## WORK INSTRUCTION
Repeat exactly, and only, the lines of the entries below from the one with "All homology ranks" through the one with "using B(1,3) by", both ends included.

## SUPPLIED RECORDS
BEGIN

definition incid :: "('e \<Rightarrow> 'v \<times> 'v) \<Rightarrow> ('v,'e) subgraph \<Rightarrow> 'v option \<Rightarrow> 'e \<Rightarrow> bit" where
  "incid ends A w e = (if qv A (fst (ends e)) = w then 1 else 0) + (if qv A (snd (ends e)) = w then 1 else 0)"

definition bd :: "('e \<Rightarrow> 'v \<times> 'v) \<Rightarrow> ('v,'e) space \<Rightarrow> ('e \<Rightarrow> bit) \<Rightarrow> ('v option \<Rightarrow> bit)" where
  "bd ends S c = (\<lambda>w. \<Sum>e\<in>qedges S. c e * incid ends (snd S) w e)"

definition cycles1 :: "('e \<Rightarrow> 'v \<times> 'v) \<Rightarrow> ('v,'e) space \<Rightarrow> ('e \<Rightarrow> bit) set" where
  "cycles1 ends S = {c \<in> chains1 S. bd ends S c = 0}"

definition bounds0 :: "('e \<Rightarrow> 'v \<times> 'v) \<Rightarrow> ('v,'e) space \<Rightarrow> ('v option \<Rightarrow> bit) set" where
  "bounds0 ends S = bd ends S ` chains1 S"

text \<open>The cellular map X/A \<rightarrow> Y/B induced by the identity (X \<subseteq> Y, A \<subseteq> B).\<close>
definition vmap :: "('v,'e) space \<Rightarrow> 'v option \<Rightarrow> 'v option" where
  "vmap T u = (case u of None \<Rightarrow> None | Some v \<Rightarrow> qv (snd T) v)"

definition push0 :: "('v,'e) space \<Rightarrow> ('v,'e) space \<Rightarrow> ('v option \<Rightarrow> bit) \<Rightarrow> ('v option \<Rightarrow> bit)" where
  "push0 S T c = (\<lambda>w. \<Sum>u\<in>{u \<in> qverts S. vmap T u = w}. c u)"

definition push1 :: "('v,'e) space \<Rightarrow> ('e \<Rightarrow> bit) \<Rightarrow> ('e \<Rightarrow> bit)" where
  "push1 T c = (\<lambda>e. if e \<in> qedges T then c e else 0)"

text \<open>Rank of the induced map H_k(S;Z/2) \<rightarrow> H_k(T;Z/2). H_0 = C_0/B_0, H_1 = Z_1,
  H_k = 0 for k \<ge> 2 (graphs are 1-dimensional).\<close>
definition hrank :: "('e \<Rightarrow> 'v \<times> 'v) \<Rightarrow> nat \<Rightarrow> ('v,'e) space \<Rightarrow> ('v,'e) space \<Rightarrow> nat" where
  "hrank ends k S T =
     (if k = 0 then zdim (push0 S T ` chains0 S \<union> bounds0 ends T) - zdim (bounds0 ends T)
      else if k = 1 then zdim (push1 T ` cycles1 ends S)
      else 0)"

definition prk :: "('e \<Rightarrow> 'v \<times> 'v) \<Rightarrow> ('v,'e) space list \<Rightarrow> nat \<Rightarrow> int \<Rightarrow> int \<Rightarrow> int" where
  "prk ends Ss k i j =
     (if 0 \<le> i \<and> i \<le> j \<and> j < int (length Ss)
      then int (hrank ends k (Ss ! nat i) (Ss ! nat j)) else 0)"

text \<open>Multiplicity of the interval [b, d] (positions) in the degree-k persistence diagram,
  i.e. in the interval decomposition of H_k applied to the sequence.\<close>
definition pdiag :: "('e \<Rightarrow> 'v \<times> 'v) \<Rightarrow> ('v,'e) space list \<Rightarrow> nat \<Rightarrow> nat \<times> nat \<Rightarrow> int" where
  "pdiag ends Ss k bd' =
     (let b = int (fst bd'); d = int (snd bd') in
      if b \<le> d \<and> d < int (length Ss)
      then prk ends Ss k b d - prk ends Ss k (b - 1) d - prk ends Ss k b (d + 1)
           + prk ends Ss k (b - 1) (d + 1)
      else 0)"

end

theory Submission
  imports Defs "HOL-Library.Option_ord" "HOL-Library.Indicator_Function"
begin

text \<open>Running the schedule that includes IC_0, ..., IC_n and then contracts IC_n, ..., IC_0
  reproduces the FB-sequence: since an edge has a value at least that of its endpoints,
  IC_0 \<union> ... \<union> IC_i is exactly the sublevel graph G_i, and IC_k \<union> ... \<union> IC_n is what
  FB-persistence has contracted after its step k.

  For the separating example let G consist of a vertex 0 with a loop, joined to a leaf 1, and
  a separate vertex 2 with a loop; let H consist of a vertex 0 with a loop and a path 1 - 2 - 3
  with a loop at 3. Under the degree filtration both take the values 1 < 2 < 3, and all ranks
  of the maps in their FB-sequences agree. Now include IC_0, IC_1, IC_2 and contract IC_0, IC_2,
  IC_1. In H, contracting IC_0 \<union> IC_2 collapses the vertices 1, 2, 3 and so closes the edge from
  1 to 2, which lies in IC_1, into a loop: a class of H_1 born and killed at position 5.
  Nothing of this kind happens in G.

  All homology ranks are computed by Gaussian elimination over Z/2, a chain being represented
  by its support.\<close>

section \<open>Linear algebra over Z/2\<close>

context vector_space
begin

lemma dim_insert_notin_span:
  assumes "finite S" "x \<notin> span S"
  shows "dim (insert x S) = Suc (dim S)"
proof -
  obtain B where B: "B \<subseteq> S" "independent B" "S \<subseteq> span B" "card B = dim S"
    using basis_exists by blast
  have "finite B"
    using B(1) assms(1) finite_subset by blast
  have "span B = span S"
    using B(1,3) by (simp add: span_eq span_superset subset_trans)
  then have "x \<notin> span B"
    using assms(2) by simp
  then have "x \<notin> B" "independent (insert x B)"
    using span_base independent_insertI[OF _ B(2)] by auto
  moreover have "insert x S \<subseteq> span (insert x B)"
    using B(3) span_mono[of B "insert x B"] span_base[of x "insert x B"] by blast
  then have "card (insert x B) = dim (insert x S)"
    using B(1) \<open>independent (insert x B)\<close> by (intro basis_card_eq_dim) auto
  ultimately show ?thesis
    using \<open>finite B\<close> B(4) by simp
qed

lemma span_insert_add_if:
  "span (insert v ((\<lambda>w. if P w then f w + v else f w) ` S)) = span (insert v (f ` S))"
    (is "span ?A = span ?B")
proof -
  have v: "v \<in> span ?A" "v \<in> span ?B"
    by (simp_all add: span_base)
  have "(if P w then f w + v else f w) \<in> span ?B" if "w \<in> S" for w
    using that v(2) by (simp add: span_base span_add_eq2)
  then have "?A \<subseteq> span ?B"
    using v(2) by blast
  moreover have "f w \<in> span ?A" if "w \<in> S" for w
  proof -
    have "(if P w then f w + v else f w) \<in> span ?A"
      using that by (simp add: span_base)
    then show ?thesis
      using v(1) by (simp add: span_add_eq2 split: if_splits)
  qed
  then have "?B \<subseteq> span ?A"
    using v(1) by blast
  ultimately show ?thesis
    by (simp only: span_eq)
qed

end

interpretation Z: vector_space "zscale :: bit \<Rightarrow> ('a \<Rightarrow> bit) \<Rightarrow> 'a \<Rightarrow> bit"
  by unfold_locales (auto simp: zscale_def fun_eq_iff algebra_simps)

lemma sum_fun_apply: "sum f A x = (\<Sum>a\<in>A. f a x)"
  by (induct A rule: infinite_finite_induct) auto

lemma indicator_sym_diff: "(indicator (sym_diff A B) :: 'a \<Rightarrow> bit) = indicator A + indicator B"
  by (auto simp: indicator_def fun_eq_iff)

lemma indicator_eq_zero_iff: "(indicator A :: 'a \<Rightarrow> bit) = 0 \<longleftrightarrow> A = {}"
  by (auto simp: indicator_def fun_eq_iff)

lemma span_indicators_vanish:
  assumes "\<forall>w\<in>A. p \<notin> w" "g \<in> Z.span ((indicator :: 'a set \<Rightarrow> 'a \<Rightarrow> bit) ` A)"
  shows "g p = 0"
proof -
  have "Z.subspace {g :: 'a \<Rightarrow> bit. g p = 0}"
    by (auto simp: Z.subspace_def zscale_def)
  moreover have "indicator ` A \<subseteq> {g :: 'a \<Rightarrow> bit. g p = 0}"
    using assms(1) by (auto simp: indicator_def)
  ultimately show ?thesis
    using assms(2) Z.span_minimal by blast
qed

text \<open>A vector over Z/2 is given by its support; the pivot of a nonzero row is its least element.\<close>

fun elim_rank :: "'a::linorder set list \<Rightarrow> nat" where
  "elim_rank [] = 0"
| "elim_rank (v # vs) =
    (if v = {} then elim_rank vs
     else Suc (elim_rank (map (\<lambda>w. if Min v \<in> w then sym_diff w v else w) vs)))"

lemma dim_indicators_elim_rank:
  "\<forall>v\<in>set vs. finite v \<Longrightarrow> Z.dim ((indicator :: _ \<Rightarrow> _ \<Rightarrow> bit) ` set vs) = elim_rank vs"
proof (induction vs rule: elim_rank.induct)
  case 1
  then show ?case
    using Z.dim_eq_card_independent[OF Z.independent_empty] by simp
next
  case (2 v vs)
  show ?case
  proof (cases "v = {}")
    case True
    then show ?thesis
      using 2 by (simp add: indicator_eq_zero_iff[THEN iffD2] Z.span_eq_dim[OF Z.span_insert_0])
  next
    case False
    define p where "p = Min v"
    define ws where "ws = map (\<lambda>w. if p \<in> w then sym_diff w v else w) vs"
    have "p \<in> v"
      using False 2(3) by (simp add: p_def)
    have IH: "Z.dim (indicator ` set ws) = elim_rank ws"
      using 2(2)[OF False] 2(3) by (auto simp: ws_def p_def)
    have ws: "(indicator :: _ \<Rightarrow> _ \<Rightarrow> bit) ` set ws =
        (\<lambda>w. if p \<in> w then indicator w + indicator v else indicator w) ` set vs"
      unfolding ws_def set_map image_comp by (rule image_cong) (simp_all add: indicator_sym_diff)
    have "\<forall>w\<in>set ws. p \<notin> w"
      using \<open>p \<in> v\<close> by (auto simp: ws_def)
    then have "indicator v \<notin> Z.span (indicator ` set ws)"
      using span_indicators_vanish \<open>p \<in> v\<close> by fastforce
    then have "Z.dim (insert (indicator v) (indicator ` set ws)) = Suc (elim_rank ws)"
      by (simp add: Z.dim_insert_notin_span IH)
    moreover have "Z.span (insert (indicator v) (indicator ` set ws)) = Z.span (indicator ` set (v # vs))"
      unfolding ws using Z.span_insert_add_if by simp
    ultimately have "Z.dim (indicator ` set (v # vs)) = Suc (elim_rank ws)"
      using Z.span_eq_dim by metis
    then show ?thesis
      using False by (simp add: ws_def p_def)
  qed
qed

section \<open>Homology ranks of quotient graphs\<close>

definition edge_bd :: "('e \<Rightarrow> 'v \<times> 'v) \<Rightarrow> ('v,'e) space \<Rightarrow> 'e \<Rightarrow> 'v option set" where
  "edge_bd ends S e = sym_diff {qv (snd S) (fst (ends e))} {qv (snd S) (snd (ends e))}"

definition edges_bd :: "('e \<Rightarrow> 'v \<times> 'v) \<Rightarrow> ('v,'e) space \<Rightarrow> 'e list \<Rightarrow> 'v option set" where
  "edges_bd ends S es = foldr (\<lambda>e. sym_diff (edge_bd ends S e)) es {}"

lemma sum_zscale_indicator:
  assumes "finite Q" "A \<subseteq> Q"
  shows "(\<Sum>e\<in>Q. zscale (indicator A e) (g e)) = (\<Sum>e\<in>A. g e)"
  using assms by (intro sum.mono_neutral_cong_right) (auto simp: zscale_def fun_eq_iff)

lemma incid_eq_indicator: "incid ends (snd S) w e = indicator (edge_bd ends S e) w"
  by (auto simp: incid_def edge_bd_def)

lemma bd_eq_sum:
  "finite (qedges S) \<Longrightarrow>
    bd ends S c = (\<Sum>e\<in>qedges S. zscale (c e) (indicator (edge_bd ends S e)))"
  by (simp add: fun_eq_iff bd_def sum_fun_apply zscale_def incid_eq_indicator)

lemma push0_eq_sum:
  assumes "finite (qverts S)"
  shows "push0 S T c = (\<Sum>u\<in>qverts S. zscale (c u) (indicator {vmap T u}))"
proof
  fix w
  have "(\<Sum>u\<in>qverts S. zscale (c u) (indicator {vmap T u})) w =
      (\<Sum>u\<in>qverts S. if vmap T u = w then c u else 0)"
    unfolding sum_fun_apply by (intro sum.cong) (auto simp: zscale_def)
  also have "\<dots> = push0 S T c w"
    using assms by (simp add: push0_def sum.inter_filter)
  finally show "push0 S T c w = (\<Sum>u\<in>qverts S. zscale (c u) (indicator {vmap T u})) w" ..
qed

lemma bd_indicator_edges:
  assumes "finite (qedges S)" "distinct es" "set es \<subseteq> qedges S"
  shows "bd ends S (indicator (set es)) = indicator (edges_bd ends S es)"
proof -
  have "bd ends S (indicator (set es)) = (\<Sum>e\<in>set es. indicator (edge_bd ends S e))"
    using assms by (simp add: bd_eq_sum sum_zscale_indicator)
  also have "\<dots> = indicator (edges_bd ends S es)"
    using assms(2) by (induction es) (auto simp: edges_bd_def indicator_sym_diff)
  finally show ?thesis .
qed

END

## SOLUTION FOR THIS PROBLEM
  All homology ranks are computed by Gaussian elimination over Z/2, a chain being represented
  by its support.\<close>

section \<open>Linear algebra over Z/2\<close>

context vector_space
begin

lemma dim_insert_notin_span:
  assumes "finite S" "x \<notin> span S"
  shows "dim (insert x S) = Suc (dim S)"
proof -
  obtain B where B: "B \<subseteq> S" "independent B" "S \<subseteq> span B" "card B = dim S"
    using basis_exists by blast
  have "finite B"
    using B(1) assms(1) finite_subset by blast
  have "span B = span S"
    using B(1,3) by (simp add: span_eq span_superset subset_trans)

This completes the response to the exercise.